Tell me with whom you associate, and I will tell you who you are. –Johann Wolfgang von Goethe
The luxury watch industry depends a great deal upon credibility. Arguably, belief in superior quality is the top reason people are willing to hand over four-, five-, or six-figure sums of money to buy a watch. If the watch-buying public starts to doubt a brand’s quality claims due to a loss of credibility, the brand’s future is in serious question.
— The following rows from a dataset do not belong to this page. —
(* Let $\flat\in\{>,<\}$. For $\imath\in\{1,\dots,2n-1\}$, the set $\{r\in\mathbb Z\mid(\imath,\frac r2)\in\widehat I^{\mathrm{tw},\flat}_\xi\}$ is a $4$-segment if $\imath\ne n$ and a $2$-segment if $\imath=n$. (For $k\in\mathbb Z_{>0}$, a $k$-segment is a set $\{\ell+sk\mid s=0,\dots,N\}$ with $\ell\in\mathbb Z$, $N\in\mathbb Z_{\ge0}$.) Moreover, the following hold in $\Upsilon_{[\mathcal Q^\flat]}$, whose vertices are labelled by $\overline I^{\mathrm{tw},\flat}_\xi$. - (1) Let $i\le n-2$ and suppose $(i,r-2),(i,r+2)\in\overline I^{\mathrm{tw},\flat}_\xi$. Then $(i-1,r),(i+1,r)\in\overline I^{\mathrm{tw},\flat}_\xi$ (ignoring $(0,r)$ when $i=1$). There are arrows from $(i,r-2)$ to these vertices and from them to $(i,r+2)$, and these are all the arrows exiting $(i,r-2)$, respectively entering $(i,r+2)$. - (2) Suppose $(n-1,r-2),(n-1,r+2)\in\overline I^{\mathrm{tw},\flat}_\xi$. Then $(n-2,r),(n,r-1),(n,r+1)\in\overline I^{\mathrm{tw},\flat}_\xi$ (ignoring $(0,r)$ when $n=2$). There are arrows from $(n-1,r-2)$ to $(n-2,r)$ and $(n,r-1)$, and arrows from $(n-2,r)$ and $(n,r+1)$ to $(n-1,r+2)$. These are all the arrows exiting $(n-1,r-2)$, respectively entering $(n-1,r+2)$. - (3) Suppose $(n,r-1),(n,r+1)\in\overline I^{\mathrm{tw},\flat}_\xi$. Then $(n-1,r)\in\overline I^{\mathrm{tw},\flat}_\xi$. There are arrows from $(n,r-1)$ to $(n-1,r)$ and from $(n-1,r)$ to $(n,r+1)$, and these are all the arrows exiting $(n,r-1)$, respectively entering $(n,r+1)$.
   Context: Fix $n\ge2$. Let $\mathcal Q$ be a quiver with underlying graph the Dynkin diagram of type $\mathrm A_{2n-2}$ (vertices $1,\dots,2n-2$, edges $\{i,i+1\}$), and $\xi$ a height function: $\xi(j)=\xi(i)+1$ for each arrow $i\to j$. Let $\widehat I_\xi=\{(i,p):1\le i\le 2n-2,\ p\equiv\xi(i)\ \mathrm{mod}\ 2,\ \xi(2n-1-i)-(2n-1)<p\le\xi(i)\}$. This is the vertex set of the Auslander–Reiten quiver $\Gamma_{\mathcal Q}$, whose arrows are $(j,p-1)\to(i,p)$ for all $|i-j|=1$ with both endpoints in $\widehat I_\xi$. Let $\phi(i,p)=(i,p)$ for $i\le n-1$ and $\phi(i,p)=(i+1,p)$ for $i\ge n$. The twisted Auslander–Reiten quiver $\Upsilon_{[\mathcal Q^\flat]}$ ($\flat\in\{>,<\}$) has vertex set $\widehat I^{\mathrm{tw},\flat}_\xi$ consisting of: - $\phi(\widehat I_\xi)$; - a vertex $(n,p-\frac12)$ for each arrow $(j,p-1)\to(i,p)$ of $\Gamma_{\mathcal Q}$ with $\{i,j\}=\{n-1,n\}$; - one extra vertex: $(n,r_M+\frac12)$ if $\flat={>}$, or $(n,r_m-\frac12)$ if $\flat={<}$, where $r_M$, $r_m$ are the max and min of $\{p:(n-1,p)\text{ or }(n,p)\in\widehat I_\xi\}$. Its arrows are: - $\phi(j,p-1)\to\phi(i,p)$ for each arrow of $\Gamma_{\mathcal Q}$ with $\{i,j\}\ne\{n-1,n\}$; - $\phi(j,p-1)\to(n,p-\frac12)\to\phi(i,p)$ for each arrow $(j,p-1)\to(i,p)$ of $\Gamma_{\mathcal Q}$ with $\{i,j\}=\{n-1,n\}$; - if $\flat={>}$, the arrow $v_M\to(n,r_M+\frac12)$, where $v_M$ is the unique vertex of $\phi(\widehat I_\xi)$ with first coordinate in $\{n-1,n+1\}$ and second coordinate $r_M$; - if $\flat={<}$, the arrow $(n,r_m-\frac12)\to v_m$, where $v_m$ is the unique vertex of $\phi(\widehat I_\xi)$ with first coordinate in $\{n-1,n+1\}$ and second coordinate $r_m$. Vertices are relabelled by the injective map $(\imath,s)\mapsto(\imath,2s)$ if $\imath\le n$ and $(\imath,s)\mapsto(2n-\imath,2s)$ if $\imath>n$. The image is $\overline I^{\mathrm{tw},\flat}_\xi\subset\{1,\dots,n\}\times\mathbb Z$. *)

theory Defs
  imports Main
begin

text \<open>Height function: the quiver Q on the Dynkin diagram A_{2n-2} is encoded by its
  height function xi (an arrow i -> j iff xi j = xi i + 1 for adjacent i, j).\<close>

definition is_height :: "nat \<Rightarrow> (nat \<Rightarrow> int) \<Rightarrow> bool" where
  "is_height n \<xi> \<longleftrightarrow> (\<forall>i. 1 \<le> i \<and> i + 1 \<le> 2*n - 2 \<longrightarrow> \<bar>\<xi> (i+1) - \<xi> i\<bar> = 1)"

datatype flat = Gt | Lt

definition Ihat :: "nat \<Rightarrow> (nat \<Rightarrow> int) \<Rightarrow> (nat \<times> int) set" where
  "Ihat n \<xi> = {(i, p). 1 \<le> i \<and> i \<le> 2*n - 2 \<and> even (p - \<xi> i)
      \<and> \<xi> (2*n - 1 - i) - (2 * int n - 1) < p \<and> p \<le> \<xi> i}"

definition Gamma_arrows :: "nat \<Rightarrow> (nat \<Rightarrow> int) \<Rightarrow> ((nat \<times> int) \<times> (nat \<times> int)) set" where
  "Gamma_arrows n \<xi> = {((j, p - 1), (i, p)) | i j p.
      (j, p - 1) \<in> Ihat n \<xi> \<and> (i, p) \<in> Ihat n \<xi> \<and> (i = j + 1 \<or> j = i + 1)}"

definition phi :: "nat \<Rightarrow> nat \<times> int \<Rightarrow> nat \<times> int" where
  "phi n x = (if fst x \<le> n - 1 then fst x else fst x + 1, snd x)"

text \<open>Vertices of the twisted quiver have half-integer second coordinates; we store a
  vertex (i, s) as (i, 2 s) (doubled second coordinate), via dbl.\<close>
definition dbl :: "nat \<times> int \<Rightarrow> nat \<times> int" where
  "dbl x = (fst x, 2 * snd x)"

definition rM :: "nat \<Rightarrow> (nat \<Rightarrow> int) \<Rightarrow> int" where
  "rM n \<xi> = Max {p. (n - 1, p) \<in> Ihat n \<xi> \<or> (n, p) \<in> Ihat n \<xi>}"

definition rm :: "nat \<Rightarrow> (nat \<Rightarrow> int) \<Rightarrow> int" where
  "rm n \<xi> = Min {p. (n - 1, p) \<in> Ihat n \<xi> \<or> (n, p) \<in> Ihat n \<xi>}"

definition Itw :: "nat \<Rightarrow> (nat \<Rightarrow> int) \<Rightarrow> flat \<Rightarrow> (nat \<times> int) set" where
  "Itw n \<xi> b =
     (dbl \<circ> phi n) ` Ihat n \<xi>
   \<union> {(n, 2 * p - 1) | i j p. ((j, p - 1), (i, p)) \<in> Gamma_arrows n \<xi> \<and> {i, j} = {n - 1, n}}
   \<union> {if b = Gt then (n, 2 * rM n \<xi> + 1) else (n, 2 * rm n \<xi> - 1)}"

definition Tw_arrows :: "nat \<Rightarrow> (nat \<Rightarrow> int) \<Rightarrow> flat \<Rightarrow> ((nat \<times> int) \<times> (nat \<times> int)) set" where
  "Tw_arrows n \<xi> b =
     {(dbl (phi n (j, p - 1)), dbl (phi n (i, p))) | i j p.
        ((j, p - 1), (i, p)) \<in> Gamma_arrows n \<xi> \<and> {i, j} \<noteq> {n - 1, n}}
   \<union> {(dbl (phi n (j, p - 1)), (n, 2 * p - 1)) | i j p.
        ((j, p - 1), (i, p)) \<in> Gamma_arrows n \<xi> \<and> {i, j} = {n - 1, n}}
   \<union> {((n, 2 * p - 1), dbl (phi n (i, p))) | i j p.
        ((j, p - 1), (i, p)) \<in> Gamma_arrows n \<xi> \<and> {i, j} = {n - 1, n}}
   \<union> (if b = Gt then
        {(v, (n, 2 * rM n \<xi> + 1)) | v. v \<in> (dbl \<circ> phi n) ` Ihat n \<xi>
            \<and> fst v \<in> {n - 1, n + 1} \<and> snd v = 2 * rM n \<xi>}
      else
        {((n, 2 * rm n \<xi> - 1), v) | v. v \<in> (dbl \<circ> phi n) ` Ihat n \<xi>
            \<and> fst v \<in> {n - 1, n + 1} \<and> snd v = 2 * rm n \<xi>})"

definition relabel :: "nat \<Rightarrow> nat \<times> int \<Rightarrow> nat \<times> int" where
  "relabel n x = (if fst x \<le> n then fst x else 2 * n - fst x, snd x)"

definition Ibar :: "nat \<Rightarrow> (nat \<Rightarrow> int) \<Rightarrow> flat \<Rightarrow> (nat \<times> int) set" where
  "Ibar n \<xi> b = relabel n ` Itw n \<xi> b"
For these reasons, I’ve watched with some trepidation as various watch brands have started to enter the cryptocurrency / blockchain / non-fungible token (NFT) world. This space is highly specialized in skills that are not typically associated with traditional watchmaking. A lathe isn’t much use when you’re trying to evaluate a particular public key encryption standard, for example (and vice versa). For this reason, horology’s entre to the crypto space almost always involves a partnership with another person or organization already active in that space.
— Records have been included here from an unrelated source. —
lemma lc_cauchy_converges:
  fixes xs :: "nat \<Rightarrow> lc"
  assumes cauchy: "\<And>i j. j \<le> i \<Longrightarrow> vanishes_below (xs i - xs j) (of_nat j)"
  obtains L where "lc_lim xs L"
proof -
  define N :: "rat \<Rightarrow> nat" where "N r = nat \<lceil>r\<rceil> + 1" for r
  have N_gt: "r < of_nat (N r)" for r
  proof -
    have "r \<le> of_int \<lceil>r\<rceil>" by simp
    also have "\<dots> \<le> of_nat (nat \<lceil>r\<rceil>)" by simp
    finally show ?thesis unfolding N_def by simp
  qed
  have N_mono: "r \<le> q \<Longrightarrow> N r \<le> N q" for r q
    unfolding N_def by (simp add: ceiling_mono nat_mono)
  define Lf where "Lf r = lc_coeff (xs (N r)) r" for r
  have stable: "lc_coeff (xs n) r = Lf r" if "r < q" "N q \<le> n" for r q n
  proof -
    have "N r \<le> n" using N_mono[of r q] that by simp
    then have "vanishes_below (xs n - xs (N r)) (of_nat (N r))" by (rule cauchy)
    then show ?thesis unfolding Lf_def using N_gt[of r] by (rule vanishes_below_diff_coeff_eq)
  qed
  have "left_finite Lf" unfolding left_finite_def
  proof
    fix q
    have "{r. r < q \<and> Lf r \<noteq> 0} \<subseteq> {r. r < q \<and> lc_coeff (xs (N q)) r \<noteq> 0}"
      using stable by auto
    moreover have "finite {r. r < q \<and> lc_coeff (xs (N q)) r \<noteq> 0}"
      using left_finite_lc_coeff by (simp add: left_finite_def)
    ultimately show "finite {r. r < q \<and> Lf r \<noteq> 0}" by (rule finite_subset)
  qed
  then have "\<forall>n\<ge>N q. vanishes_below (xs n - Abs_lc Lf) q" for q
    using stable by (simp add: vanishes_below_def lc_coeff_Abs)
  then have "lc_lim xs (Abs_lc Lf)" unfolding lc_lim_iff by blast
  then show ?thesis by (rule that)
qed

lemma lc_lim_le_if_less_add_monom:
  fixes xs :: "nat \<Rightarrow> lc"
  assumes lim: "lc_lim xs L" and close: "\<And>j. xs j < x + lc_monom (of_nat j)"
  shows "L \<le> x"
proof (rule ccontr)
  assume "\<not> L \<le> x"
  define d where "d = lc_half (L - x)"
  have d: "0 < d" "d + d = L - x" using \<open>\<not> L \<le> x\<close> lc_half_pos lc_half_add_half by (auto simp: d_def)
  from vanishes_below_bounded[OF d(1)] obtain q
    where q: "\<forall>z. vanishes_below z q \<longrightarrow> z < d \<and> - d < z" by blast
  from lim obtain N where N: "\<forall>n\<ge>N. vanishes_below (xs n - L) q" unfolding lc_lim_iff by blast
  define j where "j = max N (nat \<lceil>q\<rceil>)"
  have "q \<le> of_nat (nat \<lceil>q\<rceil>)" by (rule of_nat_ceiling)
  also have "\<dots> \<le> of_nat j" unfolding j_def by simp
  finally have "vanishes_below (lc_monom (of_nat j)) q" by (auto simp: vanishes_below_def lc_coeff_monom)
  then have "x + lc_monom (of_nat j) < x + d" using q by simp
  moreover have "vanishes_below (xs j - L) q" using N by (simp add: j_def)
  then have "L - d < xs j" using q by (auto simp: algebra_simps)
  ultimately have "L - d < x + d" using close[of j] by (meson less_trans)
  then have "L - (d + d) < x" by (simp add: algebra_simps)
  with d show False by simp
qed

text \<open>Approximating pairs with gap below \<open>lc_monom j\<close> form a Cauchy sequence whose limit is the infimum.\<close>

lemma lc_is_inf_exists:
  assumes approx: "\<And>e. 0 < e \<Longrightarrow> \<exists>x\<in>X. \<exists>l. (\<forall>y\<in>X. l \<le> y) \<and> x - l < e"
  shows "\<exists>m. lc_is_inf X m"
proof -
  have "\<forall>j::nat. \<exists>x l. x \<in> X \<and> (\<forall>y\<in>X. l \<le> y) \<and> x - l < lc_monom (of_nat j)"
    using approx lc_monom_pos by blast
  then have "\<forall>j::nat. \<exists>p. fst p \<in> X \<and> (\<forall>y\<in>X. snd p \<le> y) \<and> fst p - snd p < lc_monom (of_nat j)"
    by simp
  from choice[OF this] obtain p where p: "\<forall>j::nat. fst (p j) \<in> X \<and> (\<forall>y\<in>X. snd (p j) \<le> y)
      \<and> fst (p j) - snd (p j) < lc_monom (of_nat j)"
    by (rule exE)
  define xs where "xs j = fst (p j)" for j
  define ls where "ls j = snd (p j)" for j
  have xl: "\<And>j. xs j \<in> X" "\<And>j. \<forall>y\<in>X. ls j \<le> y" "\<And>j. xs j - ls j < lc_monom (of_nat j)"
    using p by (auto simp: xs_def ls_def)
  have monom_le: "lc_monom (of_nat i) \<le> lc_monom (of_nat j)" if "j \<le> i" for i j :: nat
    using lc_monom_strict_antimono[of "of_nat j" "of_nat i"] that by (cases "i = j") auto
  have "vanishes_below (xs i - xs j) (of_nat j)" if "j \<le> i" for i j
  proof (rule vanishes_below_if_bounded)
    have "ls i \<le> xs j" "ls j \<le> xs i" using xl by auto
    have "xs i - xs j \<le> xs i - ls i" using \<open>ls i \<le> xs j\<close> by simp
    also have "\<dots> < lc_monom (of_nat i)" using xl by auto
    also have "\<dots> \<le> lc_monom (of_nat j)" using monom_le that by auto
    finally show "xs i - xs j < lc_monom (of_nat j)" .
    have "- lc_monom (of_nat j) < ls j - xs j" using xl(3)[of j] by (simp add: algebra_simps)
    also have "\<dots> \<le> xs i - xs j" using \<open>ls j \<le> xs i\<close> by simp
    finally show "- lc_monom (of_nat j) < xs i - xs j" .
  qed
  then obtain L where lim: "lc_lim xs L" by (rule lc_cauchy_converges)
  have "L \<le> x" if "x \<in> X" for x
  proof (rule lc_lim_le_if_less_add_monom[OF lim])
    fix j
    have "xs j < ls j + lc_monom (of_nat j)" using xl(3)[of j] by (simp add: algebra_simps)
    also have "\<dots> \<le> x + lc_monom (of_nat j)" using xl(2) that by simp
    finally show "xs j < x + lc_monom (of_nat j)" .
  qed
  moreover have "m' \<le> L" if "\<forall>x\<in>X. m' \<le> x" for m'
    using lc_lim_ge[OF lim] xl(1) that by blast
  ultimately show ?thesis unfolding lc_is_inf_iff by blast
qed
(* Let $k$ be an integer such that either $k\ge 10$ and $k$ is even, or $k\equiv 0 \pmod 4$. Then $\chi_\rho(S^2_{C_k})=4$.
   Context: $C_k$ is the cycle with vertex set $[k]=\{0,\dots,k-1\}$ and edges $\{i,i+1\}$ (indices mod $k$). For a graph $G$ with vertex set $[k]$ and $n\ge 1$, the generalized Sierpi\'nski graph $S^n_G$ has vertex set $[k]^n$, and $u=u_1\cdots u_n$, $v=v_1\cdots v_n$ are adjacent iff there is $i$ with: $u_j=v_j$ for $j<i$; $u_i\neq v_i$ and $u_iv_i\in E(G)$; and $u_j=v_i$, $v_j=u_i$ for all $j>i$. A packing $c$-coloring of a graph $X$ is a map $f:V(X)\to\{1,\dots,c\}$ such that any two distinct vertices $u,v$ with $f(u)=f(v)=i$ satisfy $d_X(u,v)>i$; the packing chromatic number $\chi_\rho(X)$ is the least such $c$. *)

theory Defs
  imports Main "HOL-Library.Extended_Nat"
begin

definition cycle_adj :: "nat \<Rightarrow> nat \<Rightarrow> nat \<Rightarrow> bool" where
  "cycle_adj k i j \<longleftrightarrow> i < k \<and> j < k \<and> i \<noteq> j \<and> (j = (i + 1) mod k \<or> i = (j + 1) mod k)"

text \<open>Generalized Sierpinski graph S^n_G for G on [k]; vertices are words of length n
  (lists, u ! 0 = u_1).\<close>
definition sierpinski_V :: "nat \<Rightarrow> nat \<Rightarrow> nat list set" where
  "sierpinski_V k n = {u. length u = n \<and> set u \<subseteq> {..<k}}"

definition sierpinski_adj :: "(nat \<Rightarrow> nat \<Rightarrow> bool) \<Rightarrow> nat list \<Rightarrow> nat list \<Rightarrow> bool" where
  "sierpinski_adj G u v \<longleftrightarrow> length u = length v \<and>
     (\<exists>i < length u. (\<forall>j < i. u ! j = v ! j) \<and> u ! i \<noteq> v ! i \<and> G (u ! i) (v ! i) \<and>
        (\<forall>j. i < j \<and> j < length u \<longrightarrow> u ! j = v ! i \<and> v ! j = u ! i))"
And this is where the industry exposes itself to risk.
Trustworthiness of the cryptocurrency and NFT community
There is rampant fraud and scheming in the cryptocurrency and NFT community. In a recent interview with Bloomberg, a cryptocurrency entrepreneur with an estimated net worth of $24 billion explained an emerging cryptocurrency fad called “yield farming.” The interviewer concluded that this was nothing more than a Ponzi scheme.
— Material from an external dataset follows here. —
(* Consider the latent causal generative model described in the context. Let $\mathrm g$ be the true decoder and $\mathbf f=\hat{\mathrm g}^{-1}$ an estimated encoder, both smooth and invertible, and write $\mathbf f(\mathbf x)=(\mathbf f_\iota(\mathbf x),\mathbf f_\nu(\mathbf x))$, where $\mathbf f_\iota$ is the $d_\iota$-dimensional component intended to estimate the invariant noise $\mathbf n_\iota$ (its output is denoted $\hat{\mathbf n}_\iota$). For $(\mathbf n_\iota,\mathbf n_\nu,\mathbf u)$ let $\mathbf z(\mathbf n_\iota,\mathbf n_\nu,\mathbf u)$ be the unique solution of the linear structural equations. Assume that for any fixed $\mathbf n_\iota$ and any environments $\mathbf u,\mathbf u_0$, if $\mathbf N_\nu^{(\mathbf u)}$ and $\mathbf N_\nu^{(\mathbf u_0)}$ are independent draws from the corresponding noise distributions $\mathcal N(\boldsymbol\mu_\nu(\mathbf u),\operatorname{diag}\boldsymbol\beta_\nu(\mathbf u))$ and $\mathcal N(\boldsymbol\mu_\nu(\mathbf u_0),\operatorname{diag}\boldsymbol\beta_\nu(\mathbf u_0))$, then $$\mathbf f_\iota\big(\mathrm g(\mathbf z(\mathbf n_\iota,\mathbf N_\nu^{(\mathbf u)},\mathbf u))\big)=\mathbf f_\iota\big(\mathrm g(\mathbf z(\mathbf n_\iota,\mathbf N_\nu^{(\mathbf u_0)},\mathbf u_0))\big)\quad\text{a.s.}$$ Then there exists a smooth function $\mathbf h_\iota$ such that $\mathbf f_\iota\big(\mathrm g(\mathbf z(\mathbf n_\iota,\mathbf n_\nu,\mathbf u))\big)=\mathbf h_\iota(\mathbf n_\iota)$ almost surely, i.e. $\hat{\mathbf n}_\iota$ does not depend on $\mathbf n_\nu$.
   Context: Latent causal generative model: latent variables $\mathbf z_\iota\in\mathbb R^{d_\iota}$ and $\mathbf z_\nu\in\mathbb R^{d_\nu}$, $\mathbf z=(\mathbf z_\iota,\mathbf z_\nu)$, auxiliary environment label $\mathbf u$. Data are generated by $\mathbf z_\iota:=\boldsymbol\lambda_{\iota\iota}\mathbf z_\iota+\mathbf n_\iota$, $\mathbf n_\iota\sim\mathcal N(\boldsymbol\mu_\iota,\operatorname{diag}\boldsymbol\beta_\iota)$; $\mathbf z_\nu:=\boldsymbol\lambda_{\nu\iota}(\mathbf u)\mathbf z_\iota+\boldsymbol\lambda_{\nu\nu}(\mathbf u)\mathbf z_\nu+\mathbf n_\nu$, $\mathbf n_\nu\sim\mathcal N(\boldsymbol\mu_\nu(\mathbf u),\operatorname{diag}\boldsymbol\beta_\nu(\mathbf u))$ (non-degenerate, positive variances), independent of $\mathbf n_\iota$; $\mathbf x:=\mathrm g(\mathbf z)$. The matrices $\boldsymbol\lambda_{\iota\iota}$ and $\boldsymbol\lambda_{\nu\nu}(\mathbf u)$ are strictly lower triangular (DAG constraint), so the structural equations have a unique solution $\mathbf z$ for given noises and $\mathbf u$, which is linear in $(\mathbf n_\iota,\mathbf n_\nu)$. *)

theory Defs
  imports "HOL-Probability.Probability"
begin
We shouldn’t equate financial success with value creation. After all, convicted Ponzi schemer Bernie Madoff had an estimated net worth of $17 billion at some point (he also had a fairly decent watch collection that was sold off by U.S. Marshalls back in 2009).
Software engineer Molly White runs web3isgoinggreat.com, a web page that compiles all of the unseemly activity taking place in the cryptocurrency world. The page’s motto is, “web3 is going just great and is definitely not an enormous grift that’s pouring lighter fluid on our already-smoldering planet.” To clarify: web3 is a new buzzword for the cryptocurrency realm and its adjacent activity.
White’s motto also points out that web3 consumes massive volumes of energy, a byproduct that is likely worsening climate change. As a side note, any watch brand touting their environmental initiatives while simultaneously entering web3 territory is arguably hypocritical.
White’s web page includes a running counter of reported funds lost to fraudulent web3 activity. As of today, it stands at $9.5 billion. That is a lot of grift. In May of 2021, the U.S. Federal Trade Commission reported a tenfold increase of losses from cryptocurrency investment scams. The list goes on.
The risk for a watch brand is that it will lash up with a cryptocurrency “expert,” there will be a scandal involving fraud, the brand’s reputation will irrevocably tarnish, collectors will doubt the brand’s claims regarding the quality of the product, and that will be the end for that brand. While this may seem a remote possibility, there is already one episode that illustrates a good portion of this disaster in waiting.
Approximately one year ago, Jacob & Co. announced that it would sell the world’s first NFT of a luxury watch: the SF24 Tourbillon “piece unique.” The plan involved auctioning the watch NFT on ArtGrails, a self-described “standalone Blue Chip NFT platform.” After the auction supposedly closed, the reported result was that the NFT sold for $100,000.
The problem is that the SF24 Tourbillon digital asset was never even minted on the blockchain, or at least I cannot find it. Back in November 2021, Twitter user @teeprofit described the many failures of ArtGrails, observing, “@Jacobandco X @argrails [sic] drop, which they did not manage to sell to anyone but themselves lol was not even minted no proof on blockchain.” I posted about these irregularities on my Instagram stories and asked if anyone could find the SF24 Tourbillon on the blockchain and to DM me its address.
I was met with silence. I invite readers to peruse ArtGrails’ 676 items that actually were minted on the blockchain to see if they can find the SF24 Tourbillon.
It is one thing to debate whether digital assets are really worth any money. If the digital asset itself doesn’t even exist on the blockchain, though, there is absolutely no reasonable basis to argue that it is worth anything, never mind $100,000.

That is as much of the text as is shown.